The foolishness of our failure to exploit our own gas reserves has been exposed
There is no good option. The US accounted for 17 per cent of UK car exports in 2023, worth £6.4 billion. But they were dwarfed by wider UK exports to the US, which were £60 billion worth of goods and over £120 billion worth of services. Try to stand up for the car industry through a Tesla tax and it would certainly be met with an escalation of tariff wars, but then we are likely to get tariffs slapped on other goods and services anyway.
We know enough about Trump by now to know that he is impressed by strong leaders and feels contempt for weak ones, so we certainly aren’t going to impress him by not retaliating. Then again, retaliate and you don’t just risk more tariffs on your exports, you harm your own consumers.
Trade is a two-way activity of mutual benefit.
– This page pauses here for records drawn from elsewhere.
section \<open>Voltages from powers of two\<close>

lemma bit_pow2_add_pow2_iff:
  "bit ((2::nat) ^ a + 2 ^ b) k \<longleftrightarrow> (if a = b then k = Suc a else k = a \<or> k = b)"
proof (cases "a = b")
  case True
  then have "(2::nat) ^ a + 2 ^ b = 2 ^ Suc a" by simp
  then show ?thesis using True by (simp only: bit_exp_iff possible_bit_nat) simp
next
  case False
  then show ?thesis by (subst bit_disjunctive_add_iff) (auto simp: bit_exp_iff)
qed

lemma pow2_add_pow2_eq_pow2_add_pow2:
  assumes "(2::int) ^ a + 2 ^ b = 2 ^ c + 2 ^ d"
  shows "(a = c \<and> b = d) \<or> (a = d \<and> b = c)"
proof -
  have "int (2 ^ a + 2 ^ b) = int (2 ^ c + 2 ^ d)" using assms by simp
  then have "(2::nat) ^ a + 2 ^ b = 2 ^ c + 2 ^ d" by (simp only: of_nat_eq_iff)
  then have "bit ((2::nat) ^ a + 2 ^ b) k = bit ((2::nat) ^ c + 2 ^ d) k" for k by simp
  then have bits: "(if a = b then k = Suc a else k = a \<or> k = b) \<longleftrightarrow> (if c = d then k = Suc c else k = c \<or> k = d)"
    for k unfolding bit_pow2_add_pow2_iff .
  show ?thesis
  proof (cases "a = b"; cases "c = d")
    assume "a = b" "c = d"
    then show ?thesis using bits[of "Suc a"] by simp
  next
    assume "a = b" "c \<noteq> d"
    then show ?thesis using bits[of c] bits[of d] by simp
  next
    assume "a \<noteq> b" "c = d"
    then show ?thesis using bits[of a] bits[of b] by simp
  next
    assume "a \<noteq> b" "c \<noteq> d"
    then show ?thesis using bits[of a] bits[of b] bits[of c] by auto
  qed
qed

definition cell_index :: "nat \<Rightarrow> nat \<Rightarrow> nat \<Rightarrow> nat \<Rightarrow> nat \<Rightarrow> nat" where
  "cell_index rr g i a j = (i * rr + a) * g + j"

lemma cell_index_less: "i < kk \<Longrightarrow> a < rr \<Longrightarrow> j < g \<Longrightarrow> cell_index rr g i a j < kk * rr * g"
  unfolding cell_index_def by (intro mult_add_less_mult) simp_all

lemma cell_index_eq_iff:
  "a < rr \<Longrightarrow> a' < rr \<Longrightarrow> j < g \<Longrightarrow> j' < g \<Longrightarrow>
    cell_index rr g i a j = cell_index rr g i' a' j' \<longleftrightarrow> i = i' \<and> a = a' \<and> j = j'"
  unfolding cell_index_def by (simp add: mult_add_eq_mult_add_iff)

text \<open>The edge with index \<open>e\<close> gets voltage \<open>2^e\<close>, normalised by a potential to vanish on the stars
  of point 0 and line 0; a closed walk of length four then has voltage equal to a signed sum of
  four powers of two, which vanishes only if the walk retraces itself.\<close>

definition pow2_voltage :: "nat \<Rightarrow> nat \<Rightarrow> nat \<Rightarrow> nat \<Rightarrow> nat \<Rightarrow> int" where
  "pow2_voltage rr g i a j =
     2 ^ cell_index rr g i a j - 2 ^ cell_index rr g i 0 0 - 2 ^ cell_index rr g 0 a 0 + 1"

lemma pow2_voltage_1_1_0: "pow2_voltage rr g 1 1 0 = (2 ^ (rr * g) - 1) * (2 ^ g - 1)"
proof -
  have "cell_index rr g 1 1 0 = rr * g + g" "cell_index rr g 1 0 0 = rr * g" "cell_index rr g 0 1 0 = g"
    unfolding cell_index_def by simp_all
  note index = this
  show ?thesis unfolding pow2_voltage_def index power_add by algebra
qed

lemma pow2_voltage_pos_witness:
  assumes "kk > 0" "rr > 0" "g > 0" and "g \<ge> 2 \<or> kk \<ge> 2 \<and> rr \<ge> 2"
  obtains i a j where "i < kk" "a < rr" "j < g" "pow2_voltage rr g i a j > 0"
proof (cases "g \<ge> 2")
  case True
  have "pow2_voltage rr g 0 0 1 = 1" by (simp add: pow2_voltage_def cell_index_def)
  then show ?thesis using True assms(1,2) by (intro that[of 0 0 1]) simp_all
next
  case False
  then have "kk \<ge> 2" "rr \<ge> 2" using assms(4) by auto
  have "(1::int) < 2 ^ (rr * g)" "(1::int) < 2 ^ g"
    using assms(2,3) by (simp_all add: one_less_power)
  then have "pow2_voltage rr g 1 1 0 > 0" unfolding pow2_voltage_1_1_0 by simp
  then show ?thesis using \<open>kk \<ge> 2\<close> \<open>rr \<ge> 2\<close> assms(3) by (intro that[of 1 1 0]) simp_all
qed

lemma pow2_cell_index_less:
  assumes "i < kk" "a < rr" "j < g" and "2 ^ (kk * rr * g + 1) < n"
  shows "2 * (2::int) ^ cell_index rr g i a j < int n"
proof -
  have "int (2 ^ (kk * rr * g + 1)) < int n" using assms(4) by (simp only: of_nat_less_iff)
  then have "2 * 2 ^ (kk * rr * g) < int n" by simp
  moreover have "(2::int) ^ cell_index rr g i a j < 2 ^ (kk * rr * g)"
    using cell_index_less[OF assms(1-3)] by (intro power_strict_increasing) simp_all
  ultimately show ?thesis by linarith
qed

lemma voltage_lift_pow2_voltage:
  assumes "kk > 0" "rr > 0" "g > 0" and n: "2 ^ (kk * rr * g + 1) < n"
  shows "voltage_lift kk rr g n (pow2_voltage rr g)"
proof
  let ?\<sigma> = "\<lambda>i a j. (2::int) ^ cell_index rr g i a j"
  note \<sigma>_less = pow2_cell_index_less[OF _ _ _ n]
  have \<sigma>_pos: "0 \<le> ?\<sigma> i a j" for i a j by simp
  show "n > 0" using n by simp
  show "kk > 0" "rr > 0" "g > 0" by fact+
  show "j = j'" if "i < kk" "a < rr" "j < g" "j' < g"
    and "[pow2_voltage rr g i a j = pow2_voltage rr g i a j'] (mod int n)" for i a j j'
  proof -
    have "[?\<sigma> i a j = ?\<sigma> i a j'] (mod int n)"
      using that(5) cong_add_rcancel[of "?\<sigma> i a j" "1 - ?\<sigma> i 0 0 - ?\<sigma> 0 a 0" "?\<sigma> i a j'"]
      by (simp add: pow2_voltage_def algebra_simps)
    then have "?\<sigma> i a j = ?\<sigma> i a j'"
      by (rule cong_less_imp_eq_int[rotated 4])
        (use \<sigma>_pos[of i a j] \<sigma>_pos[of i a j'] \<sigma>_less[OF that(1-3)] \<sigma>_less[OF that(1,2,4)] in linarith)+
    then show "j = j'" using cell_index_eq_iff that by simp
  qed
  show "(i = i' \<and> j1 = j2) \<or> (a = a' \<and> j1 = j3)"
    if "i < kk" "i' < kk" "a < rr" "a' < rr" "j1 < g" "j2 < g" "j3 < g" "j4 < g"
    and "[pow2_voltage rr g i a j1 + pow2_voltage rr g i' a' j4
          = pow2_voltage rr g i' a j2 + pow2_voltage rr g i a' j3] (mod int n)"
    for i i' a a' j1 j2 j3 j4
  proof -
    let ?K = "2 - ?\<sigma> i 0 0 - ?\<sigma> 0 a 0 - ?\<sigma> i' 0 0 - ?\<sigma> 0 a' 0"
    have "[?\<sigma> i a j1 + ?\<sigma> i' a' j4 = ?\<sigma> i' a j2 + ?\<sigma> i a' j3] (mod int n)"
      using that(9) cong_add_rcancel[of "?\<sigma> i a j1 + ?\<sigma> i' a' j4" ?K "?\<sigma> i' a j2 + ?\<sigma> i a' j3"]
      by (simp add: pow2_voltage_def algebra_simps)
    then have "?\<sigma> i a j1 + ?\<sigma> i' a' j4 = ?\<sigma> i' a j2 + ?\<sigma> i a' j3"
      by (rule cong_less_imp_eq_int[rotated 4])
        (use \<sigma>_pos[of i a j1] \<sigma>_pos[of i' a' j4] \<sigma>_pos[of i' a j2] \<sigma>_pos[of i a' j3]
          \<sigma>_less[OF that(1,3,5)] \<sigma>_less[OF that(2,4,8)] \<sigma>_less[OF that(2,3,6)]
          \<sigma>_less[OF that(1,4,7)] in linarith)+
    then have "(cell_index rr g i a j1 = cell_index rr g i' a j2 \<and> cell_index rr g i' a' j4 = cell_index rr g i a' j3)
      \<or> (cell_index rr g i a j1 = cell_index rr g i a' j3 \<and> cell_index rr g i' a' j4 = cell_index rr g i' a j2)"
      by (rule pow2_add_pow2_eq_pow2_add_pow2)
    then show ?thesis using that(3-8) by (auto simp: cell_index_eq_iff)
  qed
  show "pow2_voltage rr g i 0 0 = 0" for i
    by (simp add: pow2_voltage_def cell_index_def)
  show "pow2_voltage rr g 0 a 0 = 0" for a
    by (simp add: pow2_voltage_def cell_index_def)
qed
If the UK imposes tariffs on US goods, it will drive up inflation for UK consumers. Richard Hughes, head of the Office for Budgetary Responsibility, not only warned of this this morning, he admitted that his already-dismal forecasts for UK growth have not taken into account the threat of a trade war with the US. If they were revised to take account of it, the UK’s fiscal situation would be far worse.
Trade wars ultimately benefit no one except people who work in the sunset industries which need protection from foreign competition in order to survive. But they are not going to boost economic growth.
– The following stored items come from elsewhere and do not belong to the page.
(* Fix any realization of a frame: a finite set $K$ of active devices, slots $\{1,\dots,M\}$, and for each $k\in K$ an intended slot set $I_k\subseteq\{1,\dots,M\}$ and a transmitted slot set $A_k\subseteq I_k$. For each slot $n$ let $A^n=\{k\in K: n\in A_k\}$. Define the genie-aided decoded set $D_{\mathrm g}$ as the result of starting from $D=\emptyset$ and repeatedly adding to $D$ a device $k$ whenever there is a slot $n$ with $A^n\setminus D=\{k\}$, until no such slot exists. Define the IDENTIFY decoded set $D_{\mathrm I}$ as the result of starting from $D=\emptyset$ and repeatedly adding to $D$ a device $k$ whenever there exist a slot $n$ and a subset $T\subseteq S_n(D)$, where $S_n(D)=\{k'\in D: n\in I_{k'}\}$ is the candidate list of slot $n$, such that $T\subseteq A^n$ and $A^n\setminus T=\{k\}$, until no such pair $(n,T)$ yields a new device. Then, with an unlimited number of iterations, $D_{\mathrm I}=D_{\mathrm g}$. Consequently, the IDENTIFY receiver achieves exactly the same packet loss rate as a receiver that knows the positions of the dropped replicas.
   Context: Setting: irregular repetition slotted ALOHA under a collision channel with energy-harvesting devices. Each active device intends to send identical replicas of its packet in a set $I_k$ of slots of the frame, but some intended replicas may be dropped for lack of energy; $A_k\subseteq I_k$ denotes the slots where replicas were actually transmitted. The receiver knows, upon decoding a device's packet, its intended slot set $I_k$, but not $A_k$. The receiver can classify a slot as idle, singleton (exactly one packet) or collision; subtracting from slot $n$ the packets of a set $T$ of decoded devices yields a singleton slot exactly when all packets in $T$ were actually transmitted in slot $n$ (i.e. $T\subseteq A^n$) and exactly one other packet remains ($|A^n\setminus T|=1$), in which case that remaining packet is decoded. The genie-aided receiver knows the sets $A_k$ and performs standard successive interference cancellation on the transmitted replicas only. The packet loss rate is the probability that a transmitted packet is not decoded by the end of the decoding process. *)

theory Defs
  imports Main
begin

definition slot_users :: "'a set \<Rightarrow> ('a \<Rightarrow> nat set) \<Rightarrow> nat \<Rightarrow> 'a set" where
  "slot_users K A n = {k \<in> K. n \<in> A k}"

definition cand_list :: "('a \<Rightarrow> nat set) \<Rightarrow> 'a set \<Rightarrow> nat \<Rightarrow> 'a set" where
  "cand_list I D n = {k' \<in> D. n \<in> I k'}"

definition genie_step :: "'a set \<Rightarrow> nat \<Rightarrow> ('a \<Rightarrow> nat set) \<Rightarrow> 'a set \<Rightarrow> 'a set \<Rightarrow> bool" where
  "genie_step K M A D D' \<longleftrightarrow>
     (\<exists>k n. k \<notin> D \<and> n \<in> {1..M} \<and> slot_users K A n - D = {k} \<and> D' = insert k D)"

definition ident_step :: "'a set \<Rightarrow> nat \<Rightarrow> ('a \<Rightarrow> nat set) \<Rightarrow> ('a \<Rightarrow> nat set) \<Rightarrow> 'a set \<Rightarrow> 'a set \<Rightarrow> bool" where
  "ident_step K M I A D D' \<longleftrightarrow>
     (\<exists>k n T. k \<notin> D \<and> n \<in> {1..M} \<and> T \<subseteq> cand_list I D n \<and>
        T \<subseteq> slot_users K A n \<and> slot_users K A n - T = {k} \<and> D' = insert k D)"

definition process_result :: "('b set \<Rightarrow> 'b set \<Rightarrow> bool) \<Rightarrow> 'b set \<Rightarrow> bool" where
  "process_result step D \<longleftrightarrow> step\<^sup>*\<^sup>* {} D \<and> (\<nexists>D'. step D D')"

abbreviation genie_decoded where
  "genie_decoded K M A D \<equiv> process_result (genie_step K M A) D"

abbreviation ident_decoded where
  "ident_decoded K M I A D \<equiv> process_result (ident_step K M I A) D"

end

theory Submission
  imports Defs
begin

text \<open>A decoded device k with T \<subseteq> A^n lies in D, so A^n - T = {k} forces A^n - D = {k};
  conversely T = A^n \<inter> D is an admissible candidate subset since A k \<subseteq> I k. Hence
  IDENTIFY and genie-aided SIC take exactly the same steps. The genie process stops
  at the least set closed under singleton slots, because every set closed under
  singleton slots absorbs each of its steps; termination holds as every step adds a
  new device of the finite set K.\<close>

lemma ident_step_eq_genie_step:
  assumes "\<And>k. k \<in> K \<Longrightarrow> A k \<subseteq> I k"
  shows "ident_step K M I A = genie_step K M A"
proof (intro ext iffI)
  fix D D'
  assume "ident_step K M I A D D'"
  then obtain k n T where step: "k \<notin> D" "n \<in> {1..M}" "T \<subseteq> cand_list I D n"
    "T \<subseteq> slot_users K A n" "slot_users K A n - T = {k}" "D' = insert k D"
    unfolding ident_step_def by blast
  have "T \<subseteq> D" using step(3) unfolding cand_list_def by blast
  then have "slot_users K A n - D = {k}" using step by blast
  then show "genie_step K M A D D'" unfolding genie_step_def using step by blast
next
  fix D D'
  assume "genie_step K M A D D'"
  then obtain k n where step: "k \<notin> D" "n \<in> {1..M}" "slot_users K A n - D = {k}"
    "D' = insert k D"
    unfolding genie_step_def by blast
  let ?T = "slot_users K A n \<inter> D"
  have "?T \<subseteq> cand_list I D n" using assms unfolding cand_list_def slot_users_def by blast
  moreover have "slot_users K A n - ?T = {k}" using step by blast
  ultimately show "ident_step K M I A D D'" unfolding ident_step_def using step by blast
qed

lemma process_result_exists:
  assumes "finite U"
    and grows: "\<And>D D'. step\<^sup>*\<^sup>* {} D \<Longrightarrow> step D D' \<Longrightarrow> D \<subset> D' \<and> D' \<subseteq> U"
  shows "\<exists>D. process_result step D"
proof -
  have "\<exists>D'. process_result step D'" if "step\<^sup>*\<^sup>* {} D" "D \<subseteq> U" for D
    using that
  proof (induction "card U - card D" arbitrary: D rule: less_induct)
    case less
    show ?case
    proof (cases "\<exists>D'. step D D'")
      case True
      then obtain D' where "step D D'" by blast
      with grows less.prems(1) have "D \<subset> D'" "D' \<subseteq> U" by auto
      moreover have "finite D'" using \<open>D' \<subseteq> U\<close> \<open>finite U\<close> by (rule finite_subset)
      ultimately have "card D < card D'" "card D' \<le> card U"
        using \<open>finite U\<close> by (auto intro: psubset_card_mono card_mono)
      then have "card U - card D' < card U - card D" by linarith
      moreover have "step\<^sup>*\<^sup>* {} D'" using less.prems(1) \<open>step D D'\<close> by simp
      ultimately show ?thesis using less.hyps \<open>D' \<subseteq> U\<close> by blast
    next
      case False
      then show ?thesis using less.prems(1) unfolding process_result_def by blast
    qed
  qed
  then show ?thesis by blast
qed

lemma genie_step_grows:
  "genie_step K M A D D' \<Longrightarrow> D \<subseteq> K \<Longrightarrow> D \<subset> D' \<and> D' \<subseteq> K"
  unfolding genie_step_def slot_users_def by blast

lemma genie_reachable_subset:
  "(genie_step K M A)\<^sup>*\<^sup>* {} D \<Longrightarrow> D \<subseteq> K"
  by (induction rule: rtranclp_induct) (auto dest: genie_step_grows)

definition singleton_closed :: "'a set \<Rightarrow> nat \<Rightarrow> ('a \<Rightarrow> nat set) \<Rightarrow> 'a set \<Rightarrow> bool" where
  "singleton_closed K M A C \<longleftrightarrow> (\<forall>n\<in>{1..M}. \<forall>k. slot_users K A n - C = {k} \<longrightarrow> k \<in> C)"

lemma genie_terminal_singleton_closed:
  "\<nexists>D'. genie_step K M A D D' \<Longrightarrow> singleton_closed K M A D"
  unfolding singleton_closed_def genie_step_def by blast

lemma genie_reachable_subset_closed:
  assumes "(genie_step K M A)\<^sup>*\<^sup>* {} D" and "singleton_closed K M A C"
  shows "D \<subseteq> C"
  using assms(1)
proof (induction rule: rtranclp_induct)
  case base
  show ?case by simp
next
  case (step D D')
  then obtain k n where new: "n \<in> {1..M}" "slot_users K A n - D = {k}" "D' = insert k D"
    unfolding genie_step_def by blast
  have "k \<in> C"
  proof (rule ccontr)
    assume "k \<notin> C"
    then have "slot_users K A n - C = {k}" using new(2) step.IH by blast
    then show False using assms(2) new(1) \<open>k \<notin> C\<close> unfolding singleton_closed_def by blast
  qed
  then show ?case using new(3) step.IH by simp
qed

lemma genie_decoded_unique:
  assumes "genie_decoded K M A D1" and "genie_decoded K M A D2"
  shows "D1 = D2"
proof -
  have "D1 \<subseteq> D2" "D2 \<subseteq> D1"
    using assms genie_reachable_subset_closed genie_terminal_singleton_closed
    unfolding process_result_def by blast+
  then show ?thesis by (rule subset_antisym)
qed

theorem theorem3:
  fixes K :: "'a set" and M :: nat and I A :: "'a \<Rightarrow> nat set"
  assumes "finite K"
    and "\<And>k. k \<in> K \<Longrightarrow> I k \<subseteq> {1..M}"
    and "\<And>k. k \<in> K \<Longrightarrow> A k \<subseteq> I k"
  shows "(\<exists>D. genie_decoded K M A D) \<and> (\<exists>D. ident_decoded K M I A D) \<and>
         (\<forall>Dg DI. genie_decoded K M A Dg \<longrightarrow> ident_decoded K M I A DI \<longrightarrow> DI = Dg)"
proof -
  have same_steps: "ident_step K M I A = genie_step K M A"
    using ident_step_eq_genie_step assms(3) .
  have "\<exists>D. genie_decoded K M A D"
    using genie_step_grows genie_reachable_subset
    by (intro process_result_exists[OF assms(1)]) blast
  then show ?thesis unfolding same_steps using genie_decoded_unique by blast
qed

end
There is, however, another factor that limits Britain’s ability to retaliate against US aggression over trade: our hopeless reliance on imports of US gas. Until 2016, we imported no gas from the US. In that year, the first ships carrying liquified natural gas (LNG) started to disgorge their cargo into the UK gas network. In 2022, there was a huge upsurge as Europe rapidly reduced its imports of Russian gas. In 2023, LNG from the US accounted for 26 per cent of UK gas imports, second only to Norway, which accounted for 57 per cent.
Trump knows the power that our reliance on US gas imports gives him. It was he who first warned Germany of the foolishness of its reliance on Russian gas. When he made that point at the 2018 Nato summit in Belgium, he was scorned by the then German chancellor Angela Merkel and others. Then they saw for themselves that Trump was absolutely right.
We can rattle sabres and threaten retaliation over tariffs, but ultimately Trump could, if he wanted to, cut off a good chunk of our gas supply. We would be hard-pressed to make up for what was lost with supplies elsewhere. We do also import LNG from Qatar and from the unlikely source of Peru, but at present they only account for 6 per cent and 4 per cent of our supplies respectively.
Once again, the foolishness of our failure to exploit our own gas reserves has been exposed. Ed Miliband maintains the fantasy that his rush for solar and wind will bring us energy security, but sadly it won’t – not for decades, if ever. Our energy policy is leaving us dangerously exposed in this trade war.